The response should consist solely of the lines running from the line with "using nondeg_form_eq_inner_gram_matrix[OF assms]" to the end of the data, retyped exactly.
★ ★ ★ ★
lemma bilinear_eq_inner_gram_matrix:
  fixes g :: "real^'n \<Rightarrow> real^'n \<Rightarrow> real"
  assumes "bilinear g"
  shows "g x y = x \<bullet> (gram_matrix g *v y)"
proof -
  have lx: "linear (\<lambda>x. g x y)" and ly: "linear (g x)" for x y
    using assms by (simp_all add: bilinear_def)
  have "g u y = (\<Sum>j\<in>UNIV. g u (axis j 1) * y$j)" for u
    using linear_eq_sum_axis[OF ly[of u], of y] by (simp add: mult.commute)
  moreover have "g x y = (\<Sum>i\<in>UNIV. x$i * g (axis i 1) y)"
    using linear_eq_sum_axis[OF lx, of x] by simp
  ultimately show ?thesis
    by (simp only: inner_vec_def matrix_vector_mult_def gram_matrix_def vec_lambda_beta inner_real_def)
qed

lemma pos_def_form_imp_nondeg_form: "pos_def_form g \<Longrightarrow> nondeg_form g"
  unfolding pos_def_form_def nondeg_form_def by (metis less_irrefl)

lemma nondeg_form_eq_inner_gram_matrix:
  fixes g :: "real^'n \<Rightarrow> real^'n \<Rightarrow> real"
  assumes "nondeg_form g"
  shows "g x y = (gram_matrix g *v x) \<bullet> y"
  using assms bilinear_eq_inner_gram_matrix[of g y x]
  by (simp add: nondeg_form_def inner_commute)

lemma nondeg_form_gram_matrix_inverse:
  fixes g :: "real^'n \<Rightarrow> real^'n \<Rightarrow> real"
  assumes "nondeg_form g"
  shows "gram_matrix g ** matrix_inv (gram_matrix g) = mat 1"
    and "matrix_inv (gram_matrix g) ** gram_matrix g = mat 1"
proof -
  have "\<exists>B. B ** gram_matrix g = mat 1"
    unfolding matrix_left_invertible_ker
  proof (intro allI impI)
    fix x assume "gram_matrix g *v x = 0"
    then have "\<forall>y. g x y = 0"
      using nondeg_form_eq_inner_gram_matrix[OF assms] by simp
    then show "x = 0"
      using assms by (simp add: nondeg_form_def)
  qed
  then have "\<exists>A. gram_matrix g ** A = mat 1 \<and> A ** gram_matrix g = mat 1"
    by (simp only: invertible_left_inverse[symmetric] invertible_def)
  then have "gram_matrix g ** matrix_inv (gram_matrix g) = mat 1
      \<and> matrix_inv (gram_matrix g) ** gram_matrix g = mat 1"
    unfolding matrix_inv_def by (rule someI_ex)
  then show "gram_matrix g ** matrix_inv (gram_matrix g) = mat 1"
    and "matrix_inv (gram_matrix g) ** gram_matrix g = mat 1"
    by simp_all
qed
★ ★ ★ ★
Response box =>
      using nondeg_form_eq_inner_gram_matrix[OF assms] by simp
    then show "x = 0"
      using assms by (simp add: nondeg_form_def)
  qed
  then have "\<exists>A. gram_matrix g ** A = mat 1 \<and> A ** gram_matrix g = mat 1"
    by (simp only: invertible_left_inverse[symmetric] invertible_def)
  then have "gram_matrix g ** matrix_inv (gram_matrix g) = mat 1
      \<and> matrix_inv (gram_matrix g) ** gram_matrix g = mat 1"
    unfolding matrix_inv_def by (rule someI_ex)
  then show "gram_matrix g ** matrix_inv (gram_matrix g) = mat 1"
    and "matrix_inv (gram_matrix g) ** gram_matrix g = mat 1"
    by simp_all
qed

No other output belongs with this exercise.